*Your objective*
Output all of the records exactly as written.

*Dataset extract*
(* Every nonempty tiling $T$ contains a dense triple, i.e. a triple of the form $(j-1)\,j\,(j+1)$ for some $2\le j\le n-1$.
   Context: Fix an integer $n\ge 3$ and write $[n]=\{1,\dots,n\}$. Let $\Lambda$ be the set of 3-element subsets of $[n]$; a triple $\{i,j,k\}$ with $i<j<k$ is written $ijk$. For a 4-element subset $F=\{i<j<k<l\}$ of $[n]$, the stick of $F$ is the sequence $(ijk,\ ijl,\ ikl,\ jkl)$. A tiling (the inversion set of a rhombus tiling of the zonogon $Z(n;2)$) is a subset $T\subseteq\Lambda$ such that for every 4-element $F\subseteq[n]$, $T\cap\mathrm{stick}(F)$ is an initial segment or a final segment of the stick (empty set and whole stick allowed). *)

theory Defs
  imports Main
begin

text \<open>Triples are 3-element subsets of [n] = {1..n}; the triple ijk with i<j<k is the set {i,j,k}.\<close>

definition triples :: "nat \<Rightarrow> nat set set" where
  "triples n = {S. S \<subseteq> {1..n} \<and> card S = 3}"

definition stick :: "nat \<Rightarrow> nat \<Rightarrow> nat \<Rightarrow> nat \<Rightarrow> nat set list" where
  "stick i j k l = [{i,j,k}, {i,j,l}, {i,k,l}, {j,k,l}]"

definition initial_or_final :: "nat set list \<Rightarrow> nat set set \<Rightarrow> bool" where
  "initial_or_final xs A \<longleftrightarrow>
     (\<exists>m\<le>length xs. A = set (take m xs) \<or> A = set (drop m xs))"

definition tiling :: "nat \<Rightarrow> nat set set \<Rightarrow> bool" where
  "tiling n T \<longleftrightarrow> T \<subseteq> triples n \<and>
     (\<forall>i j k l. 1 \<le> i \<and> i < j \<and> j < k \<and> k < l \<and> l \<le> n \<longrightarrow>
        initial_or_final (stick i j k l) (T \<inter> set (stick i j k l)))"

end

theory Submission
  imports Defs
begin

text \<open>
  Induct on the width \<open>k - i\<close> of a triple \<open>ijk \<in> T\<close>. If \<open>ijk\<close> is not dense, pick \<open>m\<close>
  with \<open>i < m < k\<close> and \<open>m \<noteq> j\<close>. The stick of \<open>{i, j, k, m}\<close> contains \<open>ijk\<close>, so its
  intersection with \<open>T\<close> is a nonempty initial or final segment and therefore contains
  the first or the last element of the stick: the three smallest or the three largest
  elements of \<open>{i, j, k, m}\<close>, in either case a narrower triple of \<open>T\<close>.
\<close>

lemma initial_or_final_contains_hd_or_last:
  assumes "initial_or_final xs A" and "A \<noteq> {}"
  shows "hd xs \<in> A \<or> last xs \<in> A"
proof -
  obtain m where "m \<le> length xs" and "A = set (take m xs) \<or> A = set (drop m xs)"
    using assms(1) unfolding initial_or_final_def by blast
  then consider "A = set (take m xs)" | "A = set (drop m xs)"
    by blast
  then show ?thesis
  proof cases
    case 1
    with assms(2) have "take m xs \<noteq> []" and "m > 0"
      by auto
    then have "hd xs \<in> set (take m xs)"
      by (metis hd_in_set hd_take)
    with 1 show ?thesis by blast
  next
    case 2
    with assms(2) have "drop m xs \<noteq> []" and "m < length xs"
      by auto
    then have "last xs \<in> set (drop m xs)"
      by (metis last_in_set last_drop)
    with 2 show ?thesis by blast
  qed
qed

lemma tiling_stick_end_mem:
  assumes "tiling n T" and "1 \<le> i" "i < j" "j < k" "k < l" "l \<le> n"
    and "T \<inter> set (stick i j k l) \<noteq> {}"
  shows "{i, j, k} \<in> T \<or> {j, k, l} \<in> T"
proof -
  have "initial_or_final (stick i j k l) (T \<inter> set (stick i j k l))"
    using assms(1-6) unfolding tiling_def by blast
  from initial_or_final_contains_hd_or_last[OF this assms(7)] show ?thesis
    by (simp add: stick_def)
qed

lemma tiling_triple_bounds:
  assumes "tiling n T" and "{i, j, k} \<in> T"
  shows "1 \<le> i" and "k \<le> n"
  using assms unfolding tiling_def triples_def by auto

lemma tiling_dense_triple_from_triple:
  assumes "tiling n T" and "{i, j, k} \<in> T" and "i < j" "j < k"
  shows "\<exists>j. 2 \<le> j \<and> j \<le> n - 1 \<and> {j - 1, j, j + 1} \<in> T"
  using assms(2-)
proof (induction "k - i" arbitrary: i j k rule: less_induct)
  case less
  have "1 \<le> i" "k \<le> n"
    using tiling_triple_bounds[OF assms(1) less.prems(1)] by auto
  consider "j = i + 1" "k = j + 1" | "i + 1 < j" | "j + 1 < k"
    using less.prems(2,3) by linarith
  then show ?case
  proof cases
    case 1
    then have "{j - 1, j, j + 1} = {i, j, k}"
      by auto
    with 1 \<open>1 \<le> i\<close> \<open>k \<le> n\<close> less.prems(1) show ?thesis
      by (intro exI[of _ j]) auto
  next
    case 2
    have "{i, i + 1, j} \<in> T \<or> {i + 1, j, k} \<in> T"
      using tiling_stick_end_mem[OF assms(1), of i "i + 1" j k] 2 less.prems \<open>1 \<le> i\<close> \<open>k \<le> n\<close>
      by (auto simp: stick_def)
    then show ?thesis
    proof
      assume "{i, i + 1, j} \<in> T"
      then show ?thesis
        using less.hyps[of j i "i + 1"] 2 less.prems by auto
    next
      assume "{i + 1, j, k} \<in> T"
      then show ?thesis
        using less.hyps[of k "i + 1" j] 2 less.prems by auto
    qed
  next
    case 3
    have "{i, j, j + 1} \<in> T \<or> {j, j + 1, k} \<in> T"
      using tiling_stick_end_mem[OF assms(1), of i j "j + 1" k] 3 less.prems \<open>1 \<le> i\<close> \<open>k \<le> n\<close>
      by (auto simp: stick_def)
    then show ?thesis
    proof
      assume "{i, j, j + 1} \<in> T"
      then show ?thesis
        using less.hyps[of "j + 1" i j] 3 less.prems by auto
    next
      assume "{j, j + 1, k} \<in> T"
      then show ?thesis
        using less.hyps[of k j "j + 1"] 3 less.prems by auto
    qed
  qed
qed

lemma card_3_obtain_sorted:
  fixes S :: "'a::linorder set"
  assumes "card S = 3"
  obtains i j k where "i < j" "j < k" "S = {i, j, k}"
proof -
  have "finite S"
    using assms by (intro card_ge_0_finite) simp
  define xs where "xs = sorted_list_of_set S"
  have xs: "sorted_wrt (<) xs" "set xs = S" "length xs = 3"
    using \<open>finite S\<close> assms by (simp_all add: xs_def)
  then obtain i j k where "xs = [i, j, k]"
    by (metis (no_types) length_0_conv length_Suc_conv numeral_3_eq_3)
  with xs show ?thesis
    by (intro that[of i j k]) auto
qed

theorem lemma3:
  fixes n :: nat and T :: "nat set set"
  assumes "n \<ge> 3" and "tiling n T" and "T \<noteq> {}"
  shows "\<exists>j. 2 \<le> j \<and> j \<le> n - 1 \<and> {j - 1, j, j + 1} \<in> T"
proof -
  obtain S where "S \<in> T"
    using assms(3) by blast
  moreover from this have "card S = 3"
    using assms(2) unfolding tiling_def triples_def by auto
  ultimately obtain i j k where "i < j" "j < k" "{i, j, k} \<in> T"
    by (metis card_3_obtain_sorted)
  then show ?thesis
    using tiling_dense_triple_from_triple[OF assms(2)] by blast
qed

end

*Result of this exercise*
(* Every nonempty tiling $T$ contains a dense triple, i.e. a triple of the form $(j-1)\,j\,(j+1)$ for some $2\le j\le n-1$.
   Context: Fix an integer $n\ge 3$ and write $[n]=\{1,\dots,n\}$. Let $\Lambda$ be the set of 3-element subsets of $[n]$; a triple $\{i,j,k\}$ with $i<j<k$ is written $ijk$. For a 4-element subset $F=\{i<j<k<l\}$ of $[n]$, the stick of $F$ is the sequence $(ijk,\ ijl,\ ikl,\ jkl)$. A tiling (the inversion set of a rhombus tiling of the zonogon $Z(n;2)$) is a subset $T\subseteq\Lambda$ such that for every 4-element $F\subseteq[n]$, $T\cap\mathrm{stick}(F)$ is an initial segment or a final segment of the stick (empty set and whole stick allowed). *)

theory Defs
  imports Main
begin

text \<open>Triples are 3-element subsets of [n] = {1..n}; the triple ijk with i<j<k is the set {i,j,k}.\<close>

definition triples :: "nat \<Rightarrow> nat set set" where
  "triples n = {S. S \<subseteq> {1..n} \<and> card S = 3}"

definition stick :: "nat \<Rightarrow> nat \<Rightarrow> nat \<Rightarrow> nat \<Rightarrow> nat set list" where
  "stick i j k l = [{i,j,k}, {i,j,l}, {i,k,l}, {j,k,l}]"

definition initial_or_final :: "nat set list \<Rightarrow> nat set set \<Rightarrow> bool" where
  "initial_or_final xs A \<longleftrightarrow>
     (\<exists>m\<le>length xs. A = set (take m xs) \<or> A = set (drop m xs))"

definition tiling :: "nat \<Rightarrow> nat set set \<Rightarrow> bool" where
  "tiling n T \<longleftrightarrow> T \<subseteq> triples n \<and>
     (\<forall>i j k l. 1 \<le> i \<and> i < j \<and> j < k \<and> k < l \<and> l \<le> n \<longrightarrow>
        initial_or_final (stick i j k l) (T \<inter> set (stick i j k l)))"

end

theory Submission
  imports Defs
begin

text \<open>
  Induct on the width \<open>k - i\<close> of a triple \<open>ijk \<in> T\<close>. If \<open>ijk\<close> is not dense, pick \<open>m\<close>
  with \<open>i < m < k\<close> and \<open>m \<noteq> j\<close>. The stick of \<open>{i, j, k, m}\<close> contains \<open>ijk\<close>, so its
  intersection with \<open>T\<close> is a nonempty initial or final segment and therefore contains
  the first or the last element of the stick: the three smallest or the three largest
  elements of \<open>{i, j, k, m}\<close>, in either case a narrower triple of \<open>T\<close>.
\<close>

lemma initial_or_final_contains_hd_or_last:
  assumes "initial_or_final xs A" and "A \<noteq> {}"
  shows "hd xs \<in> A \<or> last xs \<in> A"
proof -
  obtain m where "m \<le> length xs" and "A = set (take m xs) \<or> A = set (drop m xs)"
    using assms(1) unfolding initial_or_final_def by blast
  then consider "A = set (take m xs)" | "A = set (drop m xs)"
    by blast
  then show ?thesis
  proof cases
    case 1
    with assms(2) have "take m xs \<noteq> []" and "m > 0"
      by auto
    then have "hd xs \<in> set (take m xs)"
      by (metis hd_in_set hd_take)
    with 1 show ?thesis by blast
  next
    case 2
    with assms(2) have "drop m xs \<noteq> []" and "m < length xs"
      by auto
    then have "last xs \<in> set (drop m xs)"
      by (metis last_in_set last_drop)
    with 2 show ?thesis by blast
  qed
qed

lemma tiling_stick_end_mem:
  assumes "tiling n T" and "1 \<le> i" "i < j" "j < k" "k < l" "l \<le> n"
    and "T \<inter> set (stick i j k l) \<noteq> {}"
  shows "{i, j, k} \<in> T \<or> {j, k, l} \<in> T"
proof -
  have "initial_or_final (stick i j k l) (T \<inter> set (stick i j k l))"
    using assms(1-6) unfolding tiling_def by blast
  from initial_or_final_contains_hd_or_last[OF this assms(7)] show ?thesis
    by (simp add: stick_def)
qed

lemma tiling_triple_bounds:
  assumes "tiling n T" and "{i, j, k} \<in> T"
  shows "1 \<le> i" and "k \<le> n"
  using assms unfolding tiling_def triples_def by auto

lemma tiling_dense_triple_from_triple:
  assumes "tiling n T" and "{i, j, k} \<in> T" and "i < j" "j < k"
  shows "\<exists>j. 2 \<le> j \<and> j \<le> n - 1 \<and> {j - 1, j, j + 1} \<in> T"
  using assms(2-)
proof (induction "k - i" arbitrary: i j k rule: less_induct)
  case less
  have "1 \<le> i" "k \<le> n"
    using tiling_triple_bounds[OF assms(1) less.prems(1)] by auto
  consider "j = i + 1" "k = j + 1" | "i + 1 < j" | "j + 1 < k"
    using less.prems(2,3) by linarith
  then show ?case
  proof cases
    case 1
    then have "{j - 1, j, j + 1} = {i, j, k}"
      by auto
    with 1 \<open>1 \<le> i\<close> \<open>k \<le> n\<close> less.prems(1) show ?thesis
      by (intro exI[of _ j]) auto
  next
    case 2
    have "{i, i + 1, j} \<in> T \<or> {i + 1, j, k} \<in> T"
      using tiling_stick_end_mem[OF assms(1), of i "i + 1" j k] 2 less.prems \<open>1 \<le> i\<close> \<open>k \<le> n\<close>
      by (auto simp: stick_def)
    then show ?thesis
    proof
      assume "{i, i + 1, j} \<in> T"
      then show ?thesis
        using less.hyps[of j i "i + 1"] 2 less.prems by auto
    next
      assume "{i + 1, j, k} \<in> T"
      then show ?thesis
        using less.hyps[of k "i + 1" j] 2 less.prems by auto
    qed
  next
    case 3
    have "{i, j, j + 1} \<in> T \<or> {j, j + 1, k} \<in> T"
      using tiling_stick_end_mem[OF assms(1), of i j "j + 1" k] 3 less.prems \<open>1 \<le> i\<close> \<open>k \<le> n\<close>
      by (auto simp: stick_def)
    then show ?thesis
    proof
      assume "{i, j, j + 1} \<in> T"
      then show ?thesis
        using less.hyps[of "j + 1" i j] 3 less.prems by auto
    next
      assume "{j, j + 1, k} \<in> T"
      then show ?thesis
        using less.hyps[of k j "j + 1"] 3 less.prems by auto
    qed
  qed
qed

lemma card_3_obtain_sorted:
  fixes S :: "'a::linorder set"
  assumes "card S = 3"
  obtains i j k where "i < j" "j < k" "S = {i, j, k}"
proof -
  have "finite S"
    using assms by (intro card_ge_0_finite) simp
  define xs where "xs = sorted_list_of_set S"
  have xs: "sorted_wrt (<) xs" "set xs = S" "length xs = 3"
    using \<open>finite S\<close> assms by (simp_all add: xs_def)
  then obtain i j k where "xs = [i, j, k]"
    by (metis (no_types) length_0_conv length_Suc_conv numeral_3_eq_3)
  with xs show ?thesis
    by (intro that[of i j k]) auto
qed

theorem lemma3:
  fixes n :: nat and T :: "nat set set"
  assumes "n \<ge> 3" and "tiling n T" and "T \<noteq> {}"
  shows "\<exists>j. 2 \<le> j \<and> j \<le> n - 1 \<and> {j - 1, j, j + 1} \<in> T"
proof -
  obtain S where "S \<in> T"
    using assms(3) by blast
  moreover from this have "card S = 3"
    using assms(2) unfolding tiling_def triples_def by auto
  ultimately obtain i j k where "i < j" "j < k" "{i, j, k} \<in> T"
    by (metis card_3_obtain_sorted)
  then show ?thesis
    using tiling_dense_triple_from_triple[OF assms(2)] by blast
qed

end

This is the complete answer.